What you are asked to do
Only the lines below starting at the one containing "(even i \<and> odd" and ending at the one containing "n \<and> (Y_rel" belong in the answer, each copied exactly.

▬▬▬▬▬▬▬▬▬▬

(* Let $n\ge1$. Let $X_{2n,2n}$ be the graph with vertices $x_{i,j}$ ($1\le i,j\le 2n$), where $x_{i,j}x_{i',j'}$ is an edge iff $i'=i+1$ and $j\ge j'$. Let $Y_{2n,2n}$ be the graph with vertices $y_{i,j}$ ($1\le i,j\le 2n$) where $y_{i,j}y_{i',j'}$ is an edge iff (1) $i$ odd, $i'=i+1$, $j\ge j'$; or (2) $i$ even, $i'=i+1$, $j<j'$; or (3) $i$ even, $i'$ odd, $i'\ge i+3$; or (4) $i$ odd, $i'=i-1$, $j=1$. Starting from $X_{2n,2n}$, perform successively the pivots on the edges $x_{2n-1,1}x_{2n,1},\ x_{2n-3,1}x_{2n-2,1},\ \dots,\ x_{1,1}x_{2,1}$ (in this order, i.e.\ $n$ pivots on alternate edges of the bottom row, acting from right to left). The resulting graph is (isomorphic to) $Y_{2n,2n}$.
   Context: For a graph $G=(V,E)$ and $v\in V$, the local complementation $G*v$ is the graph on $V$ with edge set $E\,\triangle\,\{xy: xv,yv\in E,\ x\neq y\}$ (the subgraph induced on the neighbourhood of $v$ is complemented). For an edge $uv$, the pivot of $G$ on $uv$ is $G*u*v*u$; it is known to be symmetric in $u,v$, and its effect is to complement the adjacencies between the three sets $N(u)\cap N(v)$, $N(u)\setminus N(v)$ and $N(v)\setminus N(u)$. In the grids, $i$ is the column index and $j$ the row index, row $1$ being the bottom row. *)

theory Defs
  imports Main
begin

text \<open>Graphs are given by an adjacency predicate (symmetric, irreflexive) on a vertex type.\<close>
type_synonym 'a graph = "'a \<Rightarrow> 'a \<Rightarrow> bool"

definition local_comp :: "'a graph \<Rightarrow> 'a \<Rightarrow> 'a graph" where
  "local_comp G v = (\<lambda>x y. if x \<noteq> y \<and> G x v \<and> G y v then \<not> G x y else G x y)"

definition pivot :: "'a graph \<Rightarrow> 'a \<Rightarrow> 'a \<Rightarrow> 'a graph" where
  "pivot G u v = local_comp (local_comp (local_comp G u) v) u"

text \<open>Vertex set of the 2n x 2n grid; a vertex (i,j) has column i and row j.\<close>
definition grid :: "nat \<Rightarrow> (nat \<times> nat) set" where
  "grid n = {1..2*n} \<times> {1..2*n}"

definition X_rel :: "nat \<times> nat \<Rightarrow> nat \<times> nat \<Rightarrow> bool" where
  "X_rel p q = (fst q = fst p + 1 \<and> snd p \<ge> snd q)"

definition X_graph :: "nat \<Rightarrow> (nat \<times> nat) graph" where
  "X_graph n p q = (p \<in> grid n \<and> q \<in> grid n \<and> (X_rel p q \<or> X_rel q p))"

definition Y_rel :: "nat \<times> nat \<Rightarrow> nat \<times> nat \<Rightarrow> bool" where
  "Y_rel p q = (let i = fst p; j = snd p; i' = fst q; j' = snd q in
      (odd i \<and> i' = i + 1 \<and> j \<ge> j') \<or>
      (even i \<and> i' = i + 1 \<and> j < j') \<or>
      (even i \<and> odd i' \<and> i' \<ge> i + 3) \<or>
      (odd i \<and> i' + 1 = i \<and> j = 1))"

definition Y_graph :: "nat \<Rightarrow> (nat \<times> nat) graph" where
  "Y_graph n p q = (p \<in> grid n \<and> q \<in> grid n \<and> (Y_rel p q \<or> Y_rel q p))"

fun pivots :: "nat \<Rightarrow> (nat \<times> nat) graph \<Rightarrow> (nat \<times> nat) graph" where
  "pivots 0 G = G"
| "pivots (Suc k) G = pivots k (pivot G (2*k+1, 1) (2*k+2, 1))"

definition graph_iso_on :: "'a set \<Rightarrow> 'a graph \<Rightarrow> 'b set \<Rightarrow> 'b graph \<Rightarrow> bool" where
  "graph_iso_on V G W H = (\<exists>f. bij_betw f V W \<and> (\<forall>p\<in>V. \<forall>q\<in>V. G p q = H (f p) (f q)))"

end

theory Submission
  imports Defs
begin

text \<open>Write \<open>u = (2k+1, 1)\<close> and \<open>v = (2k+2, 1)\<close>. Just before the pivot on \<open>uv\<close>,
  once the two ends of every edge already pivoted are relabelled, the graph consists of the
  edges of \<open>X\<close> in the columns up to \<open>2k+2\<close> and of the edges of \<open>Y\<close> beyond. There
  \<open>N(u)\<close> is column \<open>2k\<close> and \<open>N(v)\<close> is the set of vertices in odd (relabelled) columns
  \<open>\<ge> 2k+1\<close>. These neighbourhoods are disjoint, so the pivot complements exactly the
  adjacencies between column \<open>2k\<close> and \<open>N(v)\<close> and exchanges the neighbourhoods of \<open>u\<close>
  and \<open>v\<close>. Relabelling \<open>u\<close> and \<open>v\<close>, this turns the \<open>X\<close>-edges between columns \<open>2k\<close>
  and \<open>2k+1\<close> into \<open>Y\<close>-edges and adds the long edges from column \<open>2k\<close> to the odd
  columns beyond: the invariant holds with \<open>k\<close> in place of \<open>k+1\<close>. After the last pivot
  the relabelling is the required isomorphism onto \<open>Y\<close>.\<close>

text \<open>The pivot on \<open>uv\<close> toggles \<open>xy\<close> iff \<open>x\<close> and \<open>y\<close> lie in two different ones of the
  sets \<open>N(u) \<inter> N(v)\<close>, \<open>N(u) - N(v)\<close>, \<open>N(v) - N(u)\<close>.\<close>

definition pivot_toggles :: "'a graph \<Rightarrow> 'a \<Rightarrow> 'a \<Rightarrow> 'a \<Rightarrow> 'a \<Rightarrow> bool" where
  "pivot_toggles G u v x y \<longleftrightarrow>
     (G x u \<and> G y v \<or> G x v \<and> G y u) \<and> \<not> (G x u \<and> G x v \<and> G y u \<and> G y v)"

lemma pivot_eqI:
  assumes "symp G" "irreflp G" "G u v" "symp G'" "irreflp G'" "G' u v"
    and pivot_vertex_u: "\<And>y. y \<notin> {u, v} \<Longrightarrow> G' u y = G v y"
    and pivot_vertex_v: "\<And>y. y \<notin> {u, v} \<Longrightarrow> G' v y = G u y"
    and off_edge: "\<And>x y. x \<notin> {u, v} \<Longrightarrow> y \<notin> {u, v} \<Longrightarrow> x \<noteq> y \<Longrightarrow>
      G' x y = (G x y \<noteq> pivot_toggles G u v x y)"
  shows "pivot G u v = G'"
proof (intro ext)
  fix x y
  have G: "G x y = G y x" "G x u = G u x" "G x v = G v x" "G y u = G u y" "G y v = G v y" "G v u"
    "G u v" "\<not> G x x" "\<not> G y y" "\<not> G u u" "\<not> G v v"
    using assms(1-3) by (auto simp: symp_def irreflp_def)
  have G': "G' x y = G' y x" "G' v u" "\<not> G' x x"
    using assms(4-6) by (auto simp: symp_def irreflp_def)
  have "pivot G u v x y = (if x = y then False
     else if x = u \<and> y = v \<or> x = v \<and> y = u then True
     else if x = u then G v y else if x = v then G u y
     else if y = u then G x v else if y = v then G x u
     else G x y \<noteq> pivot_toggles G u v x y)"
    unfolding pivot_def local_comp_def pivot_toggles_def using G by (smt (verit))
  also have "\<dots> = G' x y"
    using G G' assms(6) pivot_vertex_u[of x] pivot_vertex_u[of y] pivot_vertex_v[of x] pivot_vertex_v[of y]
      off_edge[of x y] by auto
  finally show "pivot G u v x y = G' x y" .
qed

fun bottom_swap :: "nat \<Rightarrow> nat \<times> nat \<Rightarrow> nat \<times> nat" where
  "bottom_swap k (i, j) =
     (if j = 1 \<and> 2*k < i then (if odd i then (i + 1, 1) else (i - 1, 1)) else (i, j))"

fun partial_rel :: "nat \<Rightarrow> nat \<times> nat \<Rightarrow> nat \<times> nat \<Rightarrow> bool" where
  "partial_rel k (i, j) (i', j') =
     (if max i i' \<le> 2*k then i' = i + 1 \<and> j' \<le> j
      else (odd i \<and> i' = i + 1 \<and> j' \<le> j) \<or> (even i \<and> i' = i + 1 \<and> j < j') \<or>
        (even i \<and> 2*k \<le> i \<and> odd i' \<and> i + 3 \<le> i') \<or> (odd i \<and> i' + 1 = i \<and> j = 1))"

text \<open>The graph reached after the pivots on the bottom edges of the columns beyond \<open>2k\<close>,
  read through the relabelling \<open>bottom_swap k\<close> of their ends.\<close>

definition partial_graph :: "nat \<Rightarrow> nat \<Rightarrow> (nat \<times> nat) graph" where
  "partial_graph n k p q \<longleftrightarrow> p \<in> grid n \<and> q \<in> grid n \<and>
     (partial_rel k (bottom_swap k p) (bottom_swap k q) \<or> partial_rel k (bottom_swap k q) (bottom_swap k p))"

lemma bottom_swap_involution: "bottom_swap k (bottom_swap k p) = p"
  by (cases p) auto

lemma bottom_swap_grid: "p \<in> grid n \<Longrightarrow> bottom_swap k p \<in> grid n"
  by (cases p) (auto simp: grid_def; presburger)

lemma bij_betw_bottom_swap: "bij_betw (bottom_swap k) (grid n) (grid n)"
  by (rule bij_betw_byWitness[where f' = "bottom_swap k"])
    (auto simp del: bottom_swap.simps simp: bottom_swap_involution bottom_swap_grid)

lemma fst_bottom_swap_eq_double_iff: "fst (bottom_swap k p) = 2*k \<longleftrightarrow> fst p = 2*k"
  by (cases p) auto

lemma bottom_swap_Suc:
  "p \<notin> {(2*k+1, 1), (2*k+2, 1)} \<Longrightarrow> bottom_swap (Suc k) p = bottom_swap k p"
  by (cases p) auto

lemma bottom_swap_avoids_pivot_edge:
  "p \<notin> {(2*k+1, 1), (2*k+2, 1)} \<Longrightarrow> bottom_swap k p \<notin> {(2*k+1, 1), (2*k+2, 1)}"
  by (cases p) (auto split: if_splits; presburger)

lemma symp_partial_graph: "symp (partial_graph n k)"
  by (auto simp: symp_def partial_graph_def)

lemma irreflp_partial_graph: "irreflp (partial_graph n k)"
  by (auto simp: irreflp_def partial_graph_def bottom_swap_involution)

lemma partial_graph_eq_X_graph: "partial_graph n n = X_graph n"
proof (intro ext)
  fix p q :: "nat \<times> nat"
  show "partial_graph n n p q = X_graph n p q"
    by (cases p; cases q) (auto simp: partial_graph_def X_graph_def X_rel_def grid_def)
qed

lemma partial_graph_0_eq_Y_graph:
  assumes "p \<in> grid n" "q \<in> grid n"
  shows "partial_graph n 0 p q = Y_graph n (bottom_swap 0 p) (bottom_swap 0 q)"
proof -
  have "partial_rel 0 P Q = Y_rel P Q" if "P \<in> grid n" "Q \<in> grid n" for P Q
    using that by (cases P; cases Q) (auto simp: Y_rel_def grid_def)
  then show ?thesis
    using assms bottom_swap_grid by (auto simp: partial_graph_def Y_graph_def)
qed

definition odd_beyond :: "nat \<Rightarrow> nat \<times> nat \<Rightarrow> bool" where
  "odd_beyond k p \<longleftrightarrow> odd (fst (bottom_swap k p)) \<and> 2*k + 1 \<le> fst (bottom_swap k p)"

lemma partial_graph_Suc_left_end:
  assumes "k < n" "y \<notin> {(2*k+1, 1), (2*k+2, 1)}"
  shows "partial_graph n (Suc k) y (2*k+1, 1) \<longleftrightarrow> y \<in> grid n \<and> fst y = 2*k"
  using assms by (cases y) (auto simp: partial_graph_def grid_def split: if_splits; presburger)

lemma partial_graph_Suc_right_end:
  assumes "k < n" "y \<notin> {(2*k+1, 1), (2*k+2, 1)}"
  shows "partial_graph n (Suc k) y (2*k+2, 1) \<longleftrightarrow> y \<in> grid n \<and> odd_beyond k y"
  using assms by (cases y) (auto simp: partial_graph_def odd_beyond_def grid_def split: if_splits; presburger)

lemma partial_graph_left_end:
  assumes "k < n" "y \<notin> {(2*k+1, 1), (2*k+2, 1)}"
  shows "partial_graph n k y (2*k+1, 1) \<longleftrightarrow> y \<in> grid n \<and> odd_beyond k y"
  using assms by (cases y) (auto simp: partial_graph_def odd_beyond_def grid_def split: if_splits; presburger)

lemma partial_graph_right_end:
  assumes "k < n" "y \<notin> {(2*k+1, 1), (2*k+2, 1)}"
  shows "partial_graph n k y (2*k+2, 1) \<longleftrightarrow> y \<in> grid n \<and> fst y = 2*k"
  using assms by (cases y) (auto simp: partial_graph_def grid_def split: if_splits; presburger)

lemma nat_cases_around:
  fixes a k :: nat
  obtains "a < k" | "a = k" | "a = k + 1" | "k + 1 < a"
  by linarith

lemma partial_rel_Suc_diff:
  assumes "(i, j) \<notin> {(2*k+1, 1), (2*k+2, 1)}" "(i', j') \<notin> {(2*k+1, 1), (2*k+2, 1)}"
  shows "(partial_rel k (i, j) (i', j') \<or> partial_rel k (i', j') (i, j)) \<longleftrightarrow>
    (partial_rel (Suc k) (i, j) (i', j') \<or> partial_rel (Suc k) (i', j') (i, j)) \<noteq>
    (i = 2*k \<and> odd i' \<and> 2*k + 1 \<le> i' \<or> i' = 2*k \<and> odd i \<and> 2*k + 1 \<le> i)"
proof -
  obtain a b where "i = 2*a \<or> i = 2*a + 1" "i' = 2*b \<or> i' = 2*b + 1"
    by (metis oddE evenE)
  then show ?thesis
    using assms by (elim disjE; cases a k rule: nat_cases_around; cases b k rule: nat_cases_around) auto
qed

lemma pivot_toggles_partial_graph:
  assumes "k < n" "x \<notin> {(2*k+1, 1), (2*k+2, 1)}" "y \<notin> {(2*k+1, 1), (2*k+2, 1)}"
  shows "pivot_toggles (partial_graph n (Suc k)) (2*k+1, 1) (2*k+2, 1) x y \<longleftrightarrow>
    x \<in> grid n \<and> y \<in> grid n \<and> (fst x = 2*k \<and> odd_beyond k y \<or> fst y = 2*k \<and> odd_beyond k x)"
proof -
  have "\<not> odd_beyond k p" if "fst p = 2*k" for p
    using that fst_bottom_swap_eq_double_iff[of k p] by (simp add: odd_beyond_def)
  then show ?thesis
    unfolding pivot_toggles_def
      partial_graph_Suc_left_end[OF assms(1,2)] partial_graph_Suc_right_end[OF assms(1,2)]
      partial_graph_Suc_left_end[OF assms(1,3)] partial_graph_Suc_right_end[OF assms(1,3)]
    by blast
qed

lemma partial_graph_Suc_toggle:
  assumes "x \<notin> {(2*k+1, 1), (2*k+2, 1)}" "y \<notin> {(2*k+1, 1), (2*k+2, 1)}"
  shows "partial_graph n k x y \<longleftrightarrow> partial_graph n (Suc k) x y \<noteq>
    (x \<in> grid n \<and> y \<in> grid n \<and> (fst x = 2*k \<and> odd_beyond k y \<or> fst y = 2*k \<and> odd_beyond k x))"
proof -
  obtain i j i' j' where swapped: "bottom_swap k x = (i, j)" "bottom_swap k y = (i', j')"
    by fastforce
  have "(i, j) \<notin> {(2*k+1, 1), (2*k+2, 1)}" "(i', j') \<notin> {(2*k+1, 1), (2*k+2, 1)}"
    using bottom_swap_avoids_pivot_edge assms swapped by metis+
  note diff = partial_rel_Suc_diff[OF this]
  show ?thesis
    using assms diff swapped fst_bottom_swap_eq_double_iff[of k x] fst_bottom_swap_eq_double_iff[of k y]
    by (auto simp del: partial_rel.simps bottom_swap.simps simp: partial_graph_def bottom_swap_Suc odd_beyond_def)
qed

lemma pivot_partial_graph:
  assumes "k < n"
  shows "pivot (partial_graph n (Suc k)) (2*k+1, 1) (2*k+2, 1) = partial_graph n k"
proof (rule pivot_eqI)
  have "(2*k+1, 1) \<in> grid n" "(2*k+2, 1) \<in> grid n"
    using assms by (auto simp: grid_def)
  then show "partial_graph n (Suc k) (2*k+1, 1) (2*k+2, 1)" "partial_graph n k (2*k+1, 1) (2*k+2, 1)"
    by (auto simp: partial_graph_def)
  show "partial_graph n k (2*k+1, 1) y = partial_graph n (Suc k) (2*k+2, 1) y"
    and "partial_graph n k (2*k+2, 1) y = partial_graph n (Suc k) (2*k+1, 1) y"
    if "y \<notin> {(2*k+1, 1), (2*k+2, 1)}" for y
    using that assms symp_partial_graph[unfolded symp_def]
    by (metis partial_graph_left_end partial_graph_right_end partial_graph_Suc_left_end partial_graph_Suc_right_end)+
  show "partial_graph n k x y = (partial_graph n (Suc k) x y \<noteq>
      pivot_toggles (partial_graph n (Suc k)) (2*k+1, 1) (2*k+2, 1) x y)"
    if "x \<notin> {(2*k+1, 1), (2*k+2, 1)}" "y \<notin> {(2*k+1, 1), (2*k+2, 1)}" for x y
    using that assms partial_graph_Suc_toggle pivot_toggles_partial_graph by metis
qed (rule symp_partial_graph irreflp_partial_graph)+

lemma pivots_partial_graph: "k \<le> n \<Longrightarrow> pivots k (partial_graph n k) = partial_graph n 0"
proof (induction k)
  case (Suc k)
  then show ?case
    using pivot_partial_graph[of k n] by simp
qed simp

theorem lemma12:
  fixes n :: nat
  assumes "n \<ge> 1"
  shows "graph_iso_on (grid n) (pivots n (X_graph n)) (grid n) (Y_graph n)"
  unfolding graph_iso_on_def
proof (intro exI conjI ballI)
  show "bij_betw (bottom_swap 0) (grid n) (grid n)"
    by (rule bij_betw_bottom_swap)
  show "pivots n (X_graph n) p q = Y_graph n (bottom_swap 0 p) (bottom_swap 0 q)"
    if "p \<in> grid n" "q \<in> grid n" for p q
    using that by (simp add: partial_graph_eq_X_graph[symmetric] pivots_partial_graph partial_graph_0_eq_Y_graph)
qed

end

▬▬▬▬▬▬▬▬▬▬

Result of the exercise
      (even i \<and> odd i' \<and> i' \<ge> i + 3) \<or>
      (odd i \<and> i' + 1 = i \<and> j = 1))"

definition Y_graph :: "nat \<Rightarrow> (nat \<times> nat) graph" where
  "Y_graph n p q = (p \<in> grid n \<and> q \<in> grid n \<and> (Y_rel p q \<or> Y_rel q p))"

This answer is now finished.